In 1992, Fairey graduated from Rhode Island School of Design with Bachelor of Fine Arts in Illustration.In addition to his successful graphic design career, Fairey also DJ's at many clubs under the name DJ Diabetic and Emcee Insulin, as he is a diabetic.
After graduation, he founded a small printing business in Providence, called Alternate Graphics, specializing in t-shirt and sticker silkscreens, which afforded Fairey the ability to continue pursuing his own artwork. Fairey was also a founding partner along with Dave Kinsey and Phillip DeWolff of the design studio BLK/MRKT Inc. from 1997-2003 which specialised in guerrilla marketing, and "the development of high-impact marketing campaigns". Clients included Pepsi, Hasbro and Netscape.
Shepard Fairey has developed into one of the most influential street artists of our time. Despite breaking many of the spoken and unspoken rules of contemporary art and culture, his work is now seen in museums and galleries, as well as the worlds of graphic design and signature apparel. His multi-faceted, open-ended and generous artistic practice actively resists categorization. Building off of precedents set by artists such as Andy Warhol and Keith Haring, Fairey shifts easily between the realms of fine, commercial, and even political art.
Fairey has developed a successful career through expropriating and recontextualizing the artworks of others, which in and of itself does not make for bad art. (he was inflenced by Roy Lichtenstein whom based artworks on the world of American comic strips and advertising imagery).
His multi-layered renderings of counter-cultural revolutionaries and rap, punk and rock stars, as well as updated and re-imagined propaganda-style posters, carry his signature graphic style, marked by his frequent use of black, white, and red.
[ Left: Meeting - Vladimir Kozlinsky. Linocut. 1919. Kozlinsky’s depiction of workers listening to a revolutionary agitator. Middle top: Fairey’s plagiarized version of Kozlinsky’s linocut. Right: Have You Volunteered? - Dmitry Moor. Famous recruitment poster for the Soviet Red Army. 1920. Middle bottom: Fairey’s plagiarized version of Moor’s Red Army poster.
Fairey launched his career with a series of obscure street posters,stickers and stencils that combined the words "Andre the Giant Has aPosse" with the visage of deceased wrestling superstar, Andre the Giant. By the early 1990’s the incomprehensible images had become ubiquitous in major urban centers around the world, but in 1993 Titan Sports, Inc. (now World Wrestling Entertainment, Inc.) threatened to sue Fairey for violating their trademarked name, Andre the Giant.
Fairey’s self-titled "absurdist propaganda" campaign was born.
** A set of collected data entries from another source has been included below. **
(* Let $m\ge1$, $n\ge1$, fix $t_0\in\mathbb{Z}^m$ and let $\mathcal{Z}=\{t\in\mathbb{Z}^m\mid t\ge t_0\}$. Let $T=(T_1,\dots,T_m)\in\mathbb{N}^m$, $T\ne0$. Let $A_\alpha\colon\mathcal{Z}\to\mathcal{M}_n(\mathbb{C})$, $\alpha\in\{1,\dots,m\}$, satisfy $$A_\alpha(t+1_\beta)A_\beta(t)=A_\beta(t+1_\alpha)A_\alpha(t),\quad \forall t\in\mathcal{Z},\ \forall\alpha,\beta,$$ and suppose that for all $\alpha,\beta$ and all $t\in\mathcal{Z}$, $A_\alpha(t+T_\beta\cdot1_\beta)=A_\alpha(t)$ and $A_\alpha(t)$ is invertible. Let $\Phi(t)=\chi(t,t_0)$, $t\in\mathcal{Z}$. Assume one of: (i) $n=2$; or (ii) for all $\alpha$ and all $t\in\mathcal{Z}$ the matrix $A_\alpha(t)$ is Hermitian, and $A_\alpha(t)A_\alpha(t+k\cdot1_\alpha)=A_\alpha(t+k\cdot1_\alpha)A_\alpha(t)$ for all $t\in\mathcal{Z}$, $k\in\mathbb{N}$, $\alpha\in\{1,\dots,m\}$. Then there exist a function $P\colon\mathcal{Z}\to\mathcal{M}_n(\mathbb{C})$ and constant invertible matrices $B_1,\dots,B_m\in\mathcal{M}_n(\mathbb{C})$ such that (a) $P(t+T_\alpha\cdot1_\alpha)=P(t)$ for all $t\in\mathcal{Z}$ and all $\alpha$; (b) $B_\alpha B_\beta=B_\beta B_\alpha$ for all $\alpha,\beta$; (c) $\Phi(t)=P(t)B_1^{t^1}B_2^{t^2}\cdots B_m^{t^m}$ for all $t\ge t_0$.
   Context: $\mathbb{N}=\{0,1,2,\dots\}$; $1_\alpha\in\mathbb{Z}^m$ has $1$ in position $\alpha$ and $0$ elsewhere; $s\le t$ in $\mathbb{Z}^m$ means $s^\alpha\le t^\alpha$ for all $\alpha$; $t=(t^1,\dots,t^m)$. Under the compatibility relations, for each $s\in\mathcal{Z}$ there is a unique $\chi(\cdot,s)\colon\{t\in\mathcal{Z}\mid t\ge s\}\to\mathcal{M}_n(\mathbb{C})$ with $\chi(s,s)=I_n$ and $\chi(t+1_\alpha,s)=A_\alpha(t)\chi(t,s)$ for all $t\ge s$ and all $\alpha$ (the transition matrix). Negative integer powers of invertible matrices are powers of the inverse. *)

theory Defs
  imports Complex_Main "Jordan_Normal_Form.Matrix"
begin
(* Let $K\subseteq\mathbb{R}^m$ be closed, let $G:\mathbb{R}^n\to\mathbb{R}^m$ be second-order gph-regular at $x^*$, let $\Psi=\{x\in\mathbb{R}^n:G(x)\in K\}$ with $x^*\in\Psi$, and suppose that MSCQ for $\Psi$ holds at $x^*$. If $K$ is outer second-order regular at $G(x^* )$ in direction $G'(x^*;d)$, then $\Psi$ is outer second-order regular at $x^*$ in direction $d$. Furthermore, if $K$ is outer second-order regular at $G(x^* )$ (in every direction), then $\Psi$ is outer second-order regular at $x^*$ (in every direction).
   Context: Definitions. For $g:\mathbb{R}^n\to\mathbb{R}^k$: $g'(x;d)=\lim_{t\downarrow0}(g(x+td)-g(x))/t$; $g$ is second-order directionally differentiable at $x$ if for every $d$, $g'(x;d)$ exists and $g''(x;d,w):=\lim_{t\downarrow0}\frac{g(x+td+\frac12t^2w)-g(x)-tg'(x;d)}{\frac12t^2}$ exists for all $w$. $g$ is second-order gph-regular at $x^*$ if it is locally Lipschitz continuous and second-order directionally differentiable at $x^*$ and for every $d$ and every path $w:\mathbb{R}_+\to\mathbb{R}^n$ with $tw(t)\to0$ as $t\downarrow0$ there is $r$ with $\|r(t)\|/t^2\to0$ such that $g(x^*+td+\frac12t^2w(t))=g(x^* )+tg'(x^*;d)+\frac12t^2g''(x^*;d,w(t))+r(t)$ for $t\ge0$. For a set $C$ and $x^*\in C$: tangent cone $\mathcal{T}_C(x^* )=\{d:\exists t_k\downarrow0,d^k\to d,x^*+t_kd^k\in C\}$; for $d\in\mathcal{T}_C(x^* )$, $\mathcal{T}^2_C(x^*;d)=\{w:\exists t_k\downarrow0,w^k\to w,x^*+t_kd+\frac12t_k^2w^k\in C\}$ (outer second-order tangent set). $C$ is outer second-order regular at $x^*$ in direction $d$ if for every sequence $x^k=x^*+t_kd+\frac12t_k^2w^k\in C$ with $t_k\downarrow0$ and $t_kw^k\to0$, $\lim_k\mathrm{dist}(w^k,\mathcal{T}^2_C(x^*;d))=0$. MSCQ for $\Psi$ holds at $x^*$ if there are a neighborhood $U$ of $x^*$ and $\kappa>0$ with $\mathrm{dist}(x,\Psi)\le\kappa\,\mathrm{dist}(G(x),K)$ for all $x\in U$. *)

theory Defs
  imports "HOL-Analysis.Analysis"
begin

definition dir_deriv :: "('a::real_normed_vector \<Rightarrow> 'b::real_normed_vector) \<Rightarrow> 'a \<Rightarrow> 'a \<Rightarrow> 'b" where
  "dir_deriv g x d = Lim (at_right 0) (\<lambda>t::real. (g (x + t *\<^sub>R d) - g x) /\<^sub>R t)"

definition has_dir_deriv :: "('a::real_normed_vector \<Rightarrow> 'b::real_normed_vector) \<Rightarrow> 'a \<Rightarrow> 'a \<Rightarrow> bool" where
  "has_dir_deriv g x d \<longleftrightarrow> (\<exists>v. ((\<lambda>t::real. (g (x + t *\<^sub>R d) - g x) /\<^sub>R t) \<longlongrightarrow> v) (at_right 0))"

definition so_quot :: "('a::real_normed_vector \<Rightarrow> 'b::real_normed_vector) \<Rightarrow> 'a \<Rightarrow> 'a \<Rightarrow> 'a \<Rightarrow> real \<Rightarrow> 'b" where
  "so_quot g x d w t =
     (g (x + t *\<^sub>R d + ((1/2) * t\<^sup>2) *\<^sub>R w) - g x - t *\<^sub>R dir_deriv g x d) /\<^sub>R ((1/2) * t\<^sup>2)"

definition dir_deriv2 :: "('a::real_normed_vector \<Rightarrow> 'b::real_normed_vector) \<Rightarrow> 'a \<Rightarrow> 'a \<Rightarrow> 'a \<Rightarrow> 'b" where
  "dir_deriv2 g x d w = Lim (at_right 0) (so_quot g x d w)"

definition so_dir_differentiable :: "('a::real_normed_vector \<Rightarrow> 'b::real_normed_vector) \<Rightarrow> 'a \<Rightarrow> bool" where
  "so_dir_differentiable g x \<longleftrightarrow>
     (\<forall>d. has_dir_deriv g x d \<and> (\<forall>w. \<exists>v. (so_quot g x d w \<longlongrightarrow> v) (at_right 0)))"
theorem mainTheorem1:
  fixes P :: "'a measure"
    and X :: "('k::finite, 'l::finite, 'n::finite) cdma_rv \<Rightarrow> 'a \<Rightarrow> real"
    and pe :: "nat \<Rightarrow> real"
  assumes "prob_space P"
    and indep: "prob_space.indep_vars P (\<lambda>_. borel) X {j. 1 \<le> cdma_time j}"
    and code_p: "\<And>k l t i. 1 \<le> t \<Longrightarrow>
        measure P {\<omega> \<in> space P. X (Code k l t i) \<omega> = 1 / sqrt (real CARD('n))} = 1/2"
    and code_m: "\<And>k l t i. 1 \<le> t \<Longrightarrow>
        measure P {\<omega> \<in> space P. X (Code k l t i) \<omega> = - 1 / sqrt (real CARD('n))} = 1/2"
    and sym_p: "\<And>k t. 1 \<le> t \<Longrightarrow> measure P {\<omega> \<in> space P. X (Sym k t) \<omega> = 1} = 1/2"
    and sym_m: "\<And>k t. 1 \<le> t \<Longrightarrow> measure P {\<omega> \<in> space P. X (Sym k t) \<omega> = -1} = 1/2"
    and pe_range: "\<And>t. 0 \<le> pe t \<and> pe t \<le> 1"
    and err_p: "\<And>k t. 1 \<le> t \<Longrightarrow> measure P {\<omega> \<in> space P. X (Err k t) \<omega> = 1} = 1 - pe t"
    and err_m: "\<And>k t. 1 \<le> t \<Longrightarrow> measure P {\<omega> \<in> space P. X (Err k t) \<omega> = -1} = pe t"
    and pe_lim: "pe \<longlonglongrightarrow> 0"
  shows "AE \<omega> in P. (\<forall>\<^sub>F M in sequentially. invertible (cdma_Rhat X M \<omega>)) \<and>
           ((\<lambda>M. real M *\<^sub>R matrix_inv (cdma_Rhat X M \<omega>)) \<longlonglongrightarrow> mat 1)"
proof -
  interpret prob_space P by fact
  have rv: "random_variable borel (X j)" if "1 \<le> cdma_time j" for j
    using indep that unfolding indep_vars_def by blast
  interpret cdma_model P X
  proof
    show "indep_vars (\<lambda>_. borel) X {j. 1 \<le> cdma_time j}" by (fact indep)
  next
    fix j :: "('k, 'l, 'n) cdma_rv"
    assume j: "1 \<le> cdma_time j"
    show "AE \<omega> in P. \<bar>X j \<omega>\<bar> = cdma_amplitude j"
    proof (cases j)
      case (Code k l t i)
      then show ?thesis
        using AE_abs_eq_two_point[OF rv[OF j], of "1 / sqrt (real CARD('n))"]
          code_p[of t k l i] code_m[of t k l i] j by simp
    next
      case (Sym k t)
      then show ?thesis
        using AE_abs_eq_two_point[OF rv[OF j], of 1] sym_p[of t k] sym_m[of t k] j by simp
    next
      case (Err k t)
      then show ?thesis
        using AE_abs_eq_two_point[OF rv[OF j], of 1] err_p[of t k] err_m[of t k] j by simp
    qed
  next
    fix k l i and t :: nat
    assume t: "1 \<le> t"
    let ?c = "1 / sqrt (real CARD('n))"
    have "prob {\<omega> \<in> space P. X (Code k l t i) \<omega> = ?c} = 1/2"
      and "prob {\<omega> \<in> space P. X (Code k l t i) \<omega> = - ?c} = 1/2"
      using code_p[OF t] code_m[OF t] by simp_all
    then show "expectation (X (Code k l t i)) = 0"
      using expectation_two_valued[OF rv, of "Code k l t i" ?c "- ?c"] t by simp
  qed
  show ?thesis
    by (rule AE_Rhat_inverse_tendsto)
qed

end
(* Let $F\colon\Omega\to\Omega$ be a piecewise translation in $\mathbb{R}^d$ with $m=d+1$ branches, translation vectors $v_0,\dots,v_d$ with $v_1-v_0,\dots,v_d-v_0$ linearly independent, and suppose the torus rotation $R$ is ergodic. For $\phi\in\mathbb{T}$ let $\xi(\phi)=\#\big(\pi^{-1}(\phi)\cap A\big)$. Then $\xi$ is constant (and finite) for Lebesgue-almost every $\phi\in\mathbb{T}$.
   Context: A region is a compact subset of $\mathbb{R}^d$ which equals the closure of its interior. A piecewise translation with $m$ branches: $\Omega\subset\mathbb{R}^d$ is a region, $\Omega=P_0\cup\dots\cup P_{m-1}$ with each $P_i$ a region, distinct $P_i$ intersecting only in boundaries, $\mathrm{Leb}(\partial P_i)=0$; vectors $v_i$ satisfy $x+v_i\in\Omega$ for $x\in P_i$; $i(x)$ is an index with $x\in P_{i(x)}$ (boundary ambiguity resolved by a fixed measurable rule), and $F(x)=x+v_{i(x)}$. $\Omega_0=\Omega$, $\Omega_n=\overline{F(\Omega_{n-1})}$, $A=\bigcap_n\Omega_n$ is the attractor. $\mathcal{L}$ is the lattice generated by $v_1-v_0,\dots,v_d-v_0$, $\mathbb{T}=\mathbb{R}^d/\mathcal{L}$, $\pi\colon\mathbb{R}^d\to\mathbb{T}$ the projection, $R(\phi)=\phi+\pi(v_0)$ on $\mathbb{T}$. *)

theory Defs
  imports "HOL-Analysis.Analysis"
begin

definition region :: "'a::euclidean_space set \<Rightarrow> bool" where
  "region S \<longleftrightarrow> compact S \<and> closure (interior S) = S"

definition piecewise_translation ::
  "'a::euclidean_space set \<Rightarrow> nat \<Rightarrow> (nat \<Rightarrow> 'a set) \<Rightarrow> (nat \<Rightarrow> 'a) \<Rightarrow> ('a \<Rightarrow> nat) \<Rightarrow> bool" where
  "piecewise_translation \<Omega> m P v idx \<longleftrightarrow>
     region \<Omega> \<and> \<Omega> = (\<Union>i<m. P i) \<and>
     (\<forall>i<m. region (P i)) \<and>
     (\<forall>i<m. \<forall>j<m. i \<noteq> j \<longrightarrow> P i \<inter> P j \<subseteq> frontier (P i) \<inter> frontier (P j)) \<and>
     (\<forall>i<m. frontier (P i) \<in> null_sets lebesgue) \<and>
     (\<forall>i<m. \<forall>x\<in>P i. x + v i \<in> \<Omega>) \<and>
     (\<forall>x\<in>\<Omega>. idx x < m \<and> x \<in> P (idx x)) \<and>
     idx \<in> measurable lebesgue (count_space UNIV)"

definition pw_map :: "(nat \<Rightarrow> 'a::euclidean_space) \<Rightarrow> ('a \<Rightarrow> nat) \<Rightarrow> 'a \<Rightarrow> 'a" where
  "pw_map v idx x = x + v (idx x)"

definition Omega_n :: "('a::euclidean_space \<Rightarrow> 'a) \<Rightarrow> 'a set \<Rightarrow> nat \<Rightarrow> 'a set" where
  "Omega_n F \<Omega> n = ((\<lambda>S. closure (F ` S)) ^^ n) \<Omega>"

definition attractor :: "('a::euclidean_space \<Rightarrow> 'a) \<Rightarrow> 'a set \<Rightarrow> 'a set" where
  "attractor F \<Omega> = (\<Inter>n. Omega_n F \<Omega> n)"

definition trans_lattice :: "nat \<Rightarrow> (nat \<Rightarrow> 'a::euclidean_space) \<Rightarrow> 'a set" where
  "trans_lattice d v = {\<Sum>i\<in>{1..d}. of_int (k i) *\<^sub>R (v i - v 0) | k. True}"

text \<open>Ergodicity of the rotation R(phi) = phi + pi(v_0) on T = R^d / L, w.r.t. Haar
  (normalised Lebesgue) measure, expressed via lifts to R^d: every Lebesgue measurable
  set that is L-periodic (i.e. of the form pi^{-1}(B)) and invariant under translation by v_0
  is null or conull.\<close>
definition rotation_ergodic :: "'a::euclidean_space set \<Rightarrow> 'a \<Rightarrow> bool" where
  "rotation_ergodic L w \<longleftrightarrow>
     (\<forall>E \<in> sets lebesgue. (\<forall>l\<in>L. (\<lambda>x. x + l) ` E = E) \<longrightarrow> (\<lambda>x. x + w) ` E = E \<longrightarrow>
        E \<in> null_sets lebesgue \<or> (UNIV - E) \<in> null_sets lebesgue)"

text \<open>xi(pi(x)) = card (pi^{-1}(pi x) \<inter> A), lifted to R^d.\<close>
definition fiber :: "'a::euclidean_space set \<Rightarrow> 'a set \<Rightarrow> 'a \<Rightarrow> 'a set" where
  "fiber L A x = (\<lambda>l. x + l) ` L \<inter> A"

end

theory Submission
  imports Defs
begin

text \<open>Let \<open>\<Lambda>\<close> be the lattice and \<open>E\<^sub>k\<close> the set of \<open>x\<close> whose fiber \<open>(x + \<Lambda>) \<inter> A\<close> has at
  least \<open>k\<close> points; these sets are \<open>\<Lambda>\<close>-periodic and measurable. Every point \<open>a\<close> of the
  attractor has a preimage \<open>a - v\<^sub>i \<in> A \<inter> P\<^sub>i\<close>, and \<open>v\<^sub>i - v\<^sub>0 \<in> \<Lambda>\<close>, so \<open>a \<mapsto> a - v\<^sub>i\<close> maps
  the fiber over \<open>x + v\<^sub>0\<close> into the fiber over \<open>x\<close>; it is injective unless \<open>x + \<Lambda>\<close> meets the
  boundary of a piece, which happens only on a null set. Hence \<open>E\<^sub>k\<close> shrinks under
  translation by \<open>v\<^sub>0\<close> at most by a null set. As translation preserves the finite measure of
  the trace of a periodic set on a fundamental domain, \<open>E\<^sub>k\<close> is invariant up to null sets,
  so by ergodicity it is null or conull. A function into \<open>\<nat>\<close> all of whose superlevel sets
  are null or conull is almost everywhere constant.\<close>

section \<open>Translations and Lebesgue measure\<close>

lemma vimage_translation_eq: "{x. x + a \<in> S} = (+) (- a) ` (S::'a::ab_group_add set)"
  by force

lemma emeasure_lebesgue_vimage_translation:
  "emeasure lebesgue {x. x + a \<in> S} = emeasure lebesgue (S::'a::euclidean_space set)"
  using emeasure_lebesgue_affine[of 1 "- a" S] by (simp add: vimage_translation_eq)

lemma sets_lebesgue_vimage_translation:
  "S \<in> sets lebesgue \<Longrightarrow> {x. x + a \<in> S} \<in> sets lebesgue" for S :: "'a::euclidean_space set"
  unfolding vimage_translation_eq by (rule lebesgue_sets_translation)

lemma null_sets_lebesgue_vimage_translation:
  "N \<in> null_sets lebesgue \<Longrightarrow> {x. x + a \<in> N} \<in> null_sets lebesgue" for N :: "'a::euclidean_space set"
  by (simp add: null_sets_def sets_lebesgue_vimage_translation emeasure_lebesgue_vimage_translation)

lemma AE_lebesgue_translate:
  fixes a :: "'a::euclidean_space"
  assumes "AE x in lebesgue. P x" shows "AE x in lebesgue. P (x + a)"
proof -
  obtain N where "N \<in> null_sets lebesgue" "{x. \<not> P x} \<subseteq> N"
    using assms by (auto simp: eventually_ae_filter)
  then show ?thesis
    by (intro AE_I'[of "{x. x + a \<in> N}"]) (auto intro: null_sets_lebesgue_vimage_translation)
qed

section \<open>Periodic sets and ergodicity\<close>

definition lattice_periodic :: "'a::ab_group_add set \<Rightarrow> 'a set \<Rightarrow> bool" where
  "lattice_periodic L E \<longleftrightarrow> (\<forall>l\<in>L. \<forall>x. x + l \<in> E \<longleftrightarrow> x \<in> E)"

lemma lattice_periodicD: "lattice_periodic L E \<Longrightarrow> l \<in> L \<Longrightarrow> x + l \<in> E \<longleftrightarrow> x \<in> E"
  unfolding lattice_periodic_def by blast

lemma translation_image_eqI:
  fixes W :: "'a::ab_group_add set"
  assumes "\<And>x. x + a \<in> W \<longleftrightarrow> x \<in> W"
  shows "(\<lambda>x. x + a) ` W = W"
proof safe
  fix x assume "x \<in> W"
  then show "x \<in> (\<lambda>x. x + a) ` W"
    using assms[of "x - a"] by (intro image_eqI[where x="x - a"]) auto
qed (use assms in auto)

lemma AE_eq_const_if_superlevel_sets_trivial:
  fixes f :: "'a \<Rightarrow> nat"
  assumes trivial: "\<And>k. (AE x in M. f x < k) \<or> (AE x in M. k \<le> f x)"
    and nontrivial: "emeasure M (space M) \<noteq> 0"
  shows "\<exists>c. AE x in M. f x = c"
proof -
  have not_AE_False: "\<not> (AE x in M. False)"
    using nontrivial by (metis ae_filter_eq_bot_iff eventually_False)
  have "\<exists>k. AE x in M. f x < k"
  proof (rule ccontr)
    assume "\<nexists>k. AE x in M. f x < k"
    then have "AE x in M. \<forall>k. k \<le> f x"
      using trivial by (simp add: AE_all_countable)
    then have "AE x in M. False"
      by eventually_elim (metis Suc_n_not_le_n)
    with not_AE_False show False ..
  qed
  define k where "k = (LEAST k. AE x in M. f x < k)"
  have below: "AE x in M. f x < k"
    unfolding k_def using \<open>\<exists>k. _\<close> by (rule LeastI_ex)
  have "k \<noteq> 0"
  proof
    assume "k = 0"
    with below have "AE x in M. False" by simp
    with not_AE_False show False ..
  qed
  then have "\<not> (AE x in M. f x < k - 1)"
    unfolding k_def by (intro not_less_Least) simp
  then have "AE x in M. k - 1 \<le> f x"
    using trivial by blast
  with below have "AE x in M. f x = k - 1"
    by eventually_elim simp
  then show ?thesis ..
qed

lemma all_int_shift: "(\<forall>n::int. P (n + 1)) \<longleftrightarrow> (\<forall>n. P n)"
  by (metis diff_add_cancel)

lemma AE_translate_int_iterate:
  fixes w :: "'a::euclidean_space"
  assumes inv: "AE x in lebesgue. x + w \<in> E \<longleftrightarrow> x \<in> E"
  shows "AE x in lebesgue. x + of_int n *\<^sub>R w \<in> E \<longleftrightarrow> x \<in> E"
proof (induction n rule: int_induct[where k=0])
  case (step1 n)
  from AE_lebesgue_translate[OF step1(2), of w] inv show ?case
    by eventually_elim (simp add: algebra_simps)
next
  case (step2 n)
  from AE_lebesgue_translate[OF step2(2), of "- w"] AE_lebesgue_translate[OF inv, of "- w"]
  show ?case
    by eventually_elim (simp add: algebra_simps)
qed simp

lemma rotation_ergodic_AE_invariant:
  fixes E :: "'a::euclidean_space set"
  assumes erg: "rotation_ergodic L w" and E: "E \<in> sets lebesgue"
    and per: "lattice_periodic L E" and inv: "AE x in lebesgue. x + w \<in> E \<longleftrightarrow> x \<in> E"
  shows "(AE x in lebesgue. x \<notin> E) \<or> (AE x in lebesgue. x \<in> E)"
proof -
  define W where "W = {x. \<forall>n::int. x + of_int n *\<^sub>R w \<in> E}"
  have W_eq: "W = (\<Inter>n::int. {x. x + of_int n *\<^sub>R w \<in> E})"
    unfolding W_def by blast
  have "W \<in> sets lebesgue"
    unfolding W_eq using E by (intro sets.countable_INT) (auto intro: sets_lebesgue_vimage_translation)
  moreover have "(\<lambda>x. x + l) ` W = W" if "l \<in> L" for l
  proof (rule translation_image_eqI)
    fix x
    have "x + l + of_int n *\<^sub>R w \<in> E \<longleftrightarrow> x + of_int n *\<^sub>R w \<in> E" for n :: int
    proof -
      have "x + l + of_int n *\<^sub>R w = (x + of_int n *\<^sub>R w) + l"
        by (simp add: algebra_simps)
      then show ?thesis
        by (simp only: lattice_periodicD[OF per that])
    qed
    then show "x + l \<in> W \<longleftrightarrow> x \<in> W"
      unfolding W_def by simp
  qed
  moreover have "(\<lambda>x. x + w) ` W = W"
  proof (rule translation_image_eqI)
    fix x
    have "(\<forall>n::int. x + w + of_int n *\<^sub>R w \<in> E) \<longleftrightarrow> (\<forall>n::int. x + of_int (n + 1) *\<^sub>R w \<in> E)"
      by (simp add: algebra_simps)
    also have "\<dots> \<longleftrightarrow> (\<forall>n::int. x + of_int n *\<^sub>R w \<in> E)"
      by (rule all_int_shift)
    finally show "x + w \<in> W \<longleftrightarrow> x \<in> W"
      unfolding W_def by simp
  qed
  ultimately have "W \<in> null_sets lebesgue \<or> UNIV - W \<in> null_sets lebesgue"
    using erg unfolding rotation_ergodic_def by simp
  moreover have "AE x in lebesgue. x \<in> W \<longleftrightarrow> x \<in> E"
  proof -
    have "AE x in lebesgue. \<forall>n::int. x + of_int n *\<^sub>R w \<in> E \<longleftrightarrow> x \<in> E"
      using AE_translate_int_iterate[OF inv] by (simp add: AE_all_countable)
    then show ?thesis
      unfolding W_def by eventually_elim simp
  qed
  ultimately show ?thesis
  proof (elim disjE)
    assume "W \<in> null_sets lebesgue"
    from AE_not_in[OF this] \<open>AE x in lebesgue. x \<in> W \<longleftrightarrow> x \<in> E\<close>
    have "AE x in lebesgue. x \<notin> E"
      by eventually_elim simp
    then show ?thesis ..
  next
    assume "UNIV - W \<in> null_sets lebesgue"
    from AE_not_in[OF this] \<open>AE x in lebesgue. x \<in> W \<longleftrightarrow> x \<in> E\<close>
    have "AE x in lebesgue. x \<in> E"
      by eventually_elim simp
    then show ?thesis ..
  qed
qed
The supposed intent of the project, according to the artist, was to: "stimulate curiosity and bring people to question both the campaign and their relationship with their surroundings - because people are not used to seeing advertisements or propaganda for which the motive is not obvious."
[ Left: Political power comes from the barrel of a gun - Artist unknown. 1968. Chinese poster from the Great Proletarian Cultural Revolution period. The title of this poster quotes the famous pronouncement made by Mao Tse-Tung. Right: Fairey's plagiarized version titled, Guns and Roses. The Chinese poster's central motif of hands bearing machine guns was plainly digitally scanned without any alteration. Fairey, or his assistants, then applied a modified sun-burst background, placed clip-art roses in the gun barrels, and released the imitation in 2006 as a supposed original work.]
[ Left: Fairey’s plagiarized poster. Right: Original street poster from Czechoslovakia’s, Prague Spring - Artist unknown 1968. The poster depicts a Soviet Red Army soldier in 1945 as a liberator, then as an oppressor in 1968.]
Fairey has incorporated Art Nouveau borders and graphic flourishes in many of his posters. Another example of Fairey’s plagiarism exists in his directly stealing the work of Austrian artist Koloman Moser (1868-1918), Fairey merely altered Moser’s original work with some clumsy border enhancements, a small portrait of Andre the Giant, and the words, "OBEY Propaganda".
Fairey openly admits to directly copying an image created by someone else (he calls this "referencing")
Perhaps the most important falsehood concerning Fairy's behavior is that it is motivated by some grand theory of aesthetics or weighty political philosophy - but it’s also not impossible to view Fairey’s work as right-wing in essence, since it largely ransacks leftist history and imagery while the artist laughs all the way to the bank.........
but,
there are those who say that artists should have the right to alter and otherwise modify already existing works in order to produce new ones or to make pertinent statements.
The Institute of Contemporary Art said in a statement Saturday that "we believe Shepard Fairey has made an important contribution in the history of art and to popular thinking about art and its role in society."
and at the end of the day his work is visually exciting and striking, it is influential and inspiring, and if anything reflects the very nature of current society.